lemma local_diff_le_disagreements:
  fixes f :: "config \<Rightarrow> real" and y z :: config
  assumes local: "\<And>y z. y \<in> cylinder z L \<Longrightarrow> \<bar>f y - f z\<bar> < e"
    and bound: "\<And>y. \<bar>f y\<bar> \<le> B"
    and below: "\<And>m. z m \<Longrightarrow> y m"
  shows "\<bar>f y - f z\<bar> \<le> e + 2 * B * (\<Sum>j\<in>{-int L..int L}. of_bool (y j) - of_bool (z j))"
proof -
  let ?D = "\<Sum>j\<in>{-int L..int L}. of_bool (y j) - of_bool (z j) :: real"
  have terms_nonneg: "of_bool (y j) - of_bool (z j) \<ge> (0::real)" for j
    using below[of j] by auto
  have "B \<ge> 0"
    using bound[of y] by linarith
  show ?thesis
  proof (cases "y \<in> cylinder z L")
    case True
    have "0 \<le> 2 * B * ?D"
      using \<open>B \<ge> 0\<close> terms_nonneg by (simp add: sum_nonneg)
    then show ?thesis
      using local[OF True] by linarith
  next
    case False
    then obtain j where j: "j \<in> {-int L..int L}" "y j \<noteq> z j"
      unfolding cylinder_def by blast
    have "1 \<le> ?D"
      using member_le_sum[where f = "\<lambda>j. of_bool (y j) - of_bool (z j)", OF j(1) terms_nonneg]
        j(2) below[of j] by auto
    then have "2 * B \<le> 2 * B * ?D"
      using mult_left_mono[of 1 ?D "2 * B"] \<open>B \<ge> 0\<close> by simp
    moreover have "e > 0"
      using local[of z z] by simp
    moreover have "\<bar>f y - f z\<bar> \<le> 2 * B"
      using bound[of y] bound[of z] by linarith
    ultimately show ?thesis
      by linarith
  qed
qed

lemma abs_average_diff_le:
  fixes a b c :: "nat \<Rightarrow> real"
  assumes "\<And>n. n \<in> A \<Longrightarrow> \<bar>a n - b n\<bar> \<le> c n" and "k \<ge> 0"
  shows "\<bar>(\<Sum>n\<in>A. a n) / k - (\<Sum>n\<in>A. b n) / k\<bar> \<le> (\<Sum>n\<in>A. c n) / k"
proof -
  have "\<bar>(\<Sum>n\<in>A. a n) / k - (\<Sum>n\<in>A. b n) / k\<bar> = \<bar>\<Sum>n\<in>A. a n - b n\<bar> / k"
    using \<open>k \<ge> 0\<close> by (simp add: sum_subtractf diff_divide_distrib[symmetric])
  also have "\<dots> \<le> (\<Sum>n\<in>A. c n) / k"
    using assms by (intro divide_right_mono order_trans[OF sum_abs sum_mono])
  finally show ?thesis .
qed

lemma integral_diff_le_one_mass_gap:
  fixes y z :: config and f :: "config \<Rightarrow> real"
  assumes below: "\<And>m. z m \<Longrightarrow> y m"
    and N: "strict_mono N"
    and qy: "quasi_generic_along y N \<mu>" and qz: "quasi_generic_along z N \<nu>"
    and \<mu>: "borel_prob \<mu>" and \<nu>: "borel_prob \<nu>"
    and f: "continuous_on UNIV f" "bounded (range f)"
    and bound: "\<And>y. \<bar>f y\<bar> \<le> B"
    and local: "\<And>y z. y \<in> cylinder z L \<Longrightarrow> \<bar>f y - f z\<bar> < e"
  shows "\<bar>integral\<^sup>L \<mu> f - integral\<^sup>L \<nu> f\<bar> \<le> e + 2 * B * real (2 * L + 1) * (one_mass \<mu> - one_mass \<nu>)"
proof -
  define d :: "int \<Rightarrow> real" where "d m = of_bool (y m) - of_bool (z m)" for m
  define J where "J = {-int L..int L}"
  have d_bound: "\<bar>d m\<bar> \<le> 1" for m
    by (simp add: d_def)
  have "(\<lambda>i. (\<Sum>n=1..N i. d (int n)) / real (N i)) \<longlonglongrightarrow> one_mass \<mu> - one_mass \<nu>"
    unfolding d_def sum_subtractf diff_divide_distrib
    by (intro tendsto_diff quasi_generic_along_density_one qy qz \<mu> \<nu>)
  then have "(\<lambda>i. (\<Sum>n=1..N i. d (int n + j)) / real (N i)) \<longlonglongrightarrow> one_mass \<mu> - one_mass \<nu>" for j
    by (rule density_translate_tendsto[where u = d, OF d_bound filterlim_subseq[OF N]])
  then have upper_lim: "(\<lambda>i. e + 2 * B * (\<Sum>j\<in>J. (\<Sum>n=1..N i. d (int n + j)) / real (N i)))
      \<longlonglongrightarrow> e + 2 * B * (\<Sum>j\<in>J. one_mass \<mu> - one_mass \<nu>)"
    by (intro tendsto_intros)
  have diff_lim: "(\<lambda>i. \<bar>orbit_average N f y i - orbit_average N f z i\<bar>)
      \<longlonglongrightarrow> \<bar>integral\<^sup>L \<mu> f - integral\<^sup>L \<nu> f\<bar>"
    by (intro tendsto_intros quasi_generic_along_tendsto qy qz f)
  have pointwise: "\<bar>f ((shift ^^ n) y) - f ((shift ^^ n) z)\<bar> \<le> e + 2 * B * (\<Sum>j\<in>J. d (int n + j))" for n
  proof -
    have "\<And>m. (shift ^^ n) z m \<Longrightarrow> (shift ^^ n) y m"
      using below by (simp add: funpow_shift)
    from local_diff_le_disagreements[OF local bound this] show ?thesis
      unfolding funpow_shift d_def J_def by (simp only: add.commute)
  qed
  have "\<bar>orbit_average N f y i - orbit_average N f z i\<bar>
      \<le> e + 2 * B * (\<Sum>j\<in>J. (\<Sum>n=1..N i. d (int n + j)) / real (N i))" if "N i > 0" for i
  proof -
    have "\<bar>orbit_average N f y i - orbit_average N f z i\<bar>
        \<le> (\<Sum>n=1..N i. e + 2 * B * (\<Sum>j\<in>J. d (int n + j))) / real (N i)"
      unfolding orbit_average_def by (rule abs_average_diff_le[OF pointwise]) simp
    also have "\<dots> = e + 2 * B * (\<Sum>j\<in>J. (\<Sum>n=1..N i. d (int n + j)) / real (N i))"
      using that by (simp add: sum.distrib sum_distrib_left sum.swap[of _ J] sum_divide_distrib
          add_divide_distrib)
    finally show ?thesis .
  qed
  moreover have "\<forall>\<^sub>F i in sequentially. N i > 0"
    using seq_suble[OF N] by (intro eventually_sequentiallyI[of 1]) (metis le_trans less_one not_le)
  ultimately have "\<bar>integral\<^sup>L \<mu> f - integral\<^sup>L \<nu> f\<bar> \<le> e + 2 * B * (\<Sum>j\<in>J. one_mass \<mu> - one_mass \<nu>)"
    by (intro tendsto_le[OF trivial_limit_sequentially upper_lim diff_lim]) (auto elim: eventually_mono)
  then show ?thesis
    by (simp add: J_def algebra_simps)
qed

lemma tendsto_if_approx_bounds:
  fixes a g :: "nat \<Rightarrow> real"
  assumes g: "g \<longlonglongrightarrow> 0"
    and bound: "\<And>e. e > 0 \<Longrightarrow> \<exists>C. \<forall>K. \<bar>a K - l\<bar> \<le> e + C * g K"
  shows "a \<longlonglongrightarrow> l"
  unfolding tendsto_iff
proof (intro allI impI)
  fix r :: real assume "r > 0"
  then obtain C where C: "\<And>K. \<bar>a K - l\<bar> \<le> r/2 + C * g K"
    using bound[of "r/2"] by auto
  have "(\<lambda>K. \<bar>C * g K\<bar>) \<longlonglongrightarrow> 0"
    using tendsto_rabs_zero[OF tendsto_mult_right_zero[OF g]] .
  then have "\<forall>\<^sub>F K in sequentially. \<bar>C * g K\<bar> < r/2"
    using \<open>r > 0\<close> by (intro order_tendstoD(2)) auto
  then show "\<forall>\<^sub>F K in sequentially. dist (a K) l < r"
  proof (rule eventually_mono)
    fix K assume "\<bar>C * g K\<bar> < r/2"
    then show "dist (a K) l < r"
      using C[of K] by (simp add: dist_real_def)
  qed
qed

theorem lemma3p8:
  fixes x :: "nat \<Rightarrow> config" and xinf :: config
    and N :: "nat \<Rightarrow> nat"
    and \<nu> :: "nat \<Rightarrow> config measure" and \<nu>inf :: "config measure"
  assumes noninc: "\<And>K m. x (Suc K) m \<longrightarrow> x K m"
    and lim: "\<And>m. ((\<lambda>K. x K m) \<longlongrightarrow> xinf m) sequentially"
    and N_mono: "strict_mono N"
    and \<nu>_prob: "\<And>K. borel_prob (\<nu> K)" and \<nu>inf_prob: "borel_prob \<nu>inf"
    and qg: "\<And>K. quasi_generic_along (x K) N (\<nu> K)"
    and qginf: "quasi_generic_along xinf N \<nu>inf"
    and mass: "((\<lambda>K. one_mass (\<nu> K)) \<longlongrightarrow> one_mass \<nu>inf) sequentially"
  shows "weak_conv \<nu> \<nu>inf"
  unfolding weak_conv_def
proof (intro allI impI)
  have "decseq (\<lambda>K. x K m)" for m
    using noninc by (intro decseq_SucI) (simp add: le_bool_def)
  then have below: "xinf m \<Longrightarrow> x K m" for K m
    using decseq_ge[OF _ lim] by (simp add: le_bool_def)
  fix f :: "config \<Rightarrow> real"
  assume f: "continuous_on UNIV f" "bounded (range f)"
  then obtain B where B: "\<And>y. \<bar>f y\<bar> \<le> B"
    unfolding bounded_iff by auto
  show "(\<lambda>K. integral\<^sup>L (\<nu> K) f) \<longlonglongrightarrow> integral\<^sup>L \<nu>inf f"
  proof (rule tendsto_if_approx_bounds)
    show "(\<lambda>K. one_mass (\<nu> K) - one_mass \<nu>inf) \<longlonglongrightarrow> 0"
      using mass by (rule LIM_zero)
    fix e :: real
    assume "e > 0"
    then obtain L where "\<And>y z. y \<in> cylinder z L \<Longrightarrow> \<bar>f y - f z\<bar> < e"
      using continuous_config_uniformly_local[OF f(1)] by blast
    from integral_diff_le_one_mass_gap[OF below N_mono qg qginf \<nu>_prob \<nu>inf_prob f B this]
    show "\<exists>C. \<forall>K. \<bar>integral\<^sup>L (\<nu> K) f - integral\<^sup>L \<nu>inf f\<bar> \<le> e + C * (one_mass (\<nu> K) - one_mass \<nu>inf)"
      by (intro exI[of _ "2 * B * real (2 * L + 1)"] allI)
  qed
qed
lemma counting_semistandard_add_left:
  assumes "a < b" and semi: "counting_semistandard P Q" and neg: "counting_negative P Q"
    and Q_ge: "\<forall>r\<in>set Q. \<forall>x\<in>set r. b \<le> x" and ws: "weak_semistandard (below b P')"
  shows "counting_semistandard P' (add_left b j Q)"
  unfolding counting_semistandard_def
proof (intro allI impI)
  fix i t
  assume si: "Suc i < length P'"
  let ?Q' = "add_left b j Q"
  note j = snd_bounded_insert_le_length and shape' = same_shape_add_left
  have len: "length Q = length P"
    using shape by (simp add: same_shape_def)
  show "num_atleast t (P' ! i) + num_atleast t (?Q' ! Suc i)
      \<le> num_atleast t (P' ! Suc i) + num_atleast t (?Q' ! i)"
  proof (cases "t \<le> b")
    case True
    have Q'_full: "num_atleast t (?Q' ! k) = length (P' ! k)" if "k < length P'" for k
      using num_atleast_add_left_eq_length[OF Q_ge True j] shape' that by (simp add: same_shape_def)
    show ?thesis
      using weak_semistandard_num_less_le[OF ws True si]
        num_less_add_num_atleast[of t "P' ! i"] num_less_add_num_atleast[of t "P' ! Suc i"]
        Q'_full[of i] Q'_full[of "Suc i"] si by simp
  next
    case False
    then have P'_eq: "num_atleast t (P' ! k) = (if k < length P then num_atleast t (P ! k) else 0)"
      and Q'_eq: "num_atleast t (?Q' ! k) = (if k < length Q then num_atleast t (Q ! k) else 0)"
      if "k < length P'" for k
      using that num_atleast_bounded_insert[OF bi \<open>a < b\<close>] num_atleast_add_left[OF j] shape'
      by (simp_all add: same_shape_def)
    show ?thesis
    proof (cases "Suc i < length P")
      case True
      then show ?thesis
        using semi si P'_eq Q'_eq len by (simp add: counting_semistandard_def)
    next
      case False
      then have "Suc i = length P"
        using si length_bounded_insert[OF bi] by (auto split: if_splits)
      then show ?thesis
        using counting_negative_num_atleast_le[OF neg, of i t] si P'_eq Q'_eq len by simp
    qed
  qed
qed

lemma counting_negative_add_left:
  assumes "a < b" and neg: "counting_negative P Q" and Q_ge: "\<forall>r\<in>set Q. \<forall>x\<in>set r. b \<le> x"
  shows "counting_negative P' (add_left b j Q)"
  unfolding counting_negative_def
proof (intro allI impI)
  fix i t
  assume i: "i < length P'"
  let ?Q' = "add_left b j Q"
  note j = snd_bounded_insert_le_length and shape' = same_shape_add_left
  have len: "length Q = length P"
    using shape by (simp add: same_shape_def)
  show "num_atleast t (P' ! i) \<le> num_atleast (Suc t) (?Q' ! i)"
  proof (cases "b \<le> t")
    case True
    have "num_atleast t (P' ! i) = (if i < length P then num_atleast t (P ! i) else 0)"
      using num_atleast_bounded_insert[OF bi \<open>a < b\<close> True i] .
    moreover have "num_atleast (Suc t) (?Q' ! i) = (if i < length Q then num_atleast (Suc t) (Q ! i) else 0)"
      using num_atleast_add_left[OF j] True i shape' by (simp add: same_shape_def)
    ultimately show ?thesis
      using neg len by (simp add: counting_negative_def)
  next
    case False
    then have "num_atleast (Suc t) (?Q' ! i) = length (P' ! i)"
      using num_atleast_add_left_eq_length[OF Q_ge _ j] i shape' by (simp add: same_shape_def)
    then show ?thesis
      by (simp add: num_atleast_le_length)
  qed
qed

end

section \<open>The BRSK invariant\<close>

(* (m, c) is the last pair (b, a) inserted and k the row of its new box. *)
definition brsk_inv :: "nat \<Rightarrow> nat \<Rightarrow> nat \<Rightarrow> tableau \<Rightarrow> tableau \<Rightarrow> bool" where
  "brsk_inv m c k P Q \<longleftrightarrow>
     same_shape P Q \<and> row_strict P \<and> row_strict Q \<and> pos_entries P \<and> pos_entries Q \<and>
     counting_semistandard P Q \<and> counting_negative P Q \<and>
     (\<forall>r\<in>set Q. r \<noteq> [] \<and> (\<forall>x\<in>set r. m \<le> x)) \<and>
     weak_semistandard (below m P) \<and>
     (\<forall>i<length Q. m \<in> set (Q ! i) \<longrightarrow> i \<le> k \<and> increasing_path (below m P) c k)"

lemma brsk_inv_Nil: "brsk_inv m c k [] []"
  by (simp add: brsk_inv_def same_shape_def row_strict_def pos_entries_def counting_semistandard_def
      counting_negative_def weak_semistandard_def)

lemma brsk_inv_imp_semistandard_negative:
  "brsk_inv m c k P Q \<Longrightarrow> semistandard_bitableau P Q \<and> negative_bitableau P Q"
  by (simp add: brsk_inv_def semistandard_bitableauI negative_bitableauI)

lemma brsk_step_eq:
  "bounded_insert b a P = (P', j) \<Longrightarrow> brsk_step (P, Q) (a, b) = (P', add_left b j Q)"
  by (simp add: brsk_step_def)

lemma brsk_inv_new_box_below:
  assumes inv: "brsk_inv m c k P Q" and "(b, a) \<le> (m, c)" and "i < length Q" and "b \<in> set (Q ! i)"
  shows "i < snd (row_insert a (below b P))"
proof -
  have "m \<le> b" and "b \<le> m"
    using assms by (auto simp: brsk_inv_def less_eq_prod_def dest: nth_mem)
  then have "b = m" and "a \<le> c"
    using \<open>(b, a) \<le> (m, c)\<close> by (auto simp: less_eq_prod_def)
  then have "i \<le> k" and "increasing_path (below b P) c k"
    using inv assms(3,4) by (auto simp: brsk_inv_def)
  moreover have "\<forall>r\<in>set (below b P). sorted_wrt (<) r"
    using inv by (auto simp: brsk_inv_def row_strict_def sorted_wrt_filter)
  ultimately show ?thesis
    using row_insert_below_path[of "below b P" c k a] \<open>a \<le> c\<close> by simp
qed

lemma brsk_inv_bounded_insert:
  assumes inv: "brsk_inv m c k P Q" and "0 < a" and "a < b" and "(b, a) \<le> (m, c)"
    and bi: "bounded_insert b a P = (P', j)"
  shows "brsk_inv b a j P' (add_left b j Q)"
proof -
  from inv have shape: "same_shape P Q" and "row_strict P" "row_strict Q" "pos_entries P"
    and semi: "counting_semistandard P Q" and neg: "counting_negative P Q"
    and Q_rows: "\<forall>r\<in>set Q. r \<noteq> [] \<and> (\<forall>x\<in>set r. m \<le> x)" and "pos_entries Q"
    and ws: "weak_semistandard (below m P)"
    by (simp_all add: brsk_inv_def)
  have "b \<le> m"
    using \<open>(b, a) \<le> (m, c)\<close> by (auto simp: less_eq_prod_def)
  note j = snd_bounded_insert_le_length[OF bi shape] and j_eq = snd_bounded_insert[OF bi]
  have Q_ge: "\<forall>r\<in>set Q. \<forall>x\<in>set r. b \<le> x"
    using Q_rows \<open>b \<le> m\<close> by (auto intro: order_trans)
  have ws': "weak_semistandard (below b P')"
    using weak_semistandard_bounded_insert[OF bi ws \<open>b \<le> m\<close> \<open>a < b\<close>] .
  have new_box: "i < j" if "i < length Q" and "b \<in> set (Q ! i)" for i
    using brsk_inv_new_box_below[OF inv \<open>(b, a) \<le> (m, c)\<close> that] j_eq by simp
  have "row_strict (add_left b j Q)"
  proof (rule row_strict_add_left[OF \<open>row_strict Q\<close>])
    show "\<forall>x\<in>set (Q ! j). b < x" if "j < length Q"
      using Q_ge new_box that by (fastforce simp: order.order_iff_strict dest: nth_mem)
  qed
  moreover have "\<forall>r\<in>set (add_left b j Q). r \<noteq> [] \<and> (\<forall>x\<in>set r. b \<le> x \<and> 0 < x)"
    using Q_ge Q_rows \<open>pos_entries Q\<close> \<open>0 < a\<close> \<open>a < b\<close> j
    by (intro rows_add_left) (auto simp: pos_entries_def)
  moreover have "\<forall>i<length (add_left b j Q). b \<in> set (add_left b j Q ! i) \<longrightarrow> i \<le> j"
    using j by (auto simp: set_nth_add_left length_add_left dest: new_box)
  ultimately show ?thesis
    using pos_entries_bounded_insert[OF bi \<open>pos_entries P\<close> \<open>0 < a\<close>]
      same_shape_add_left[OF bi shape] row_strict_bounded_insert[OF bi \<open>row_strict P\<close> \<open>a < b\<close>]
      counting_semistandard_add_left[OF bi shape \<open>a < b\<close> semi neg Q_ge ws']
      counting_negative_add_left[OF bi shape \<open>a < b\<close> neg Q_ge] ws'
      increasing_path_row_insert[of a "below b P"]
    by (auto simp: brsk_inv_def pos_entries_def below_bounded_insert[OF bi \<open>a < b\<close>] j_eq)
qed

lemma brsk_inv_foldl:
  assumes "brsk_inv m c k P Q" and "\<forall>(a, b)\<in>set L. 0 < a \<and> a < b \<and> (b, a) \<le> (m, c)"
    and "sorted_wrt (\<lambda>p q. prod.swap q \<le> prod.swap p) L"
  shows "\<exists>m c k. brsk_inv m c k (fst (foldl brsk_step (P, Q) L)) (snd (foldl brsk_step (P, Q) L))"
  using assms
proof (induction L arbitrary: P Q m c k)
  case (Cons p L)
  obtain a b where p: "p = (a, b)"
    by fastforce
  obtain P' j where bi: "bounded_insert b a P = (P', j)"
    by fastforce
  have "brsk_inv b a j P' (add_left b j Q)"
    using Cons.prems(1,2) p bi by (intro brsk_inv_bounded_insert) auto
  moreover have "\<forall>(a', b')\<in>set L. 0 < a' \<and> a' < b' \<and> (b', a') \<le> (b, a)"
    using Cons.prems(2,3) p by fastforce
  ultimately show ?case
    using Cons.IH Cons.prems(3) p brsk_step_eq[OF bi] by simp
qed auto

lemma set_brsk_list: "set (brsk_list U) = set_mset U"
  by (simp add: brsk_list_def image_image)

lemma sorted_brsk_list: "sorted_wrt (\<lambda>p q. prod.swap q \<le> prod.swap p) (brsk_list U)"
  unfolding brsk_list_def sorted_wrt_map sorted_wrt_rev
  using sorted_sorted_list_of_multiset[of "image_mset prod.swap U"] by (simp add: sorted_wrt_iff_nth_less)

**Task objective**
Determine how many lines in the records above have the string "that". Only the number should be returned.

**Exercise output**
5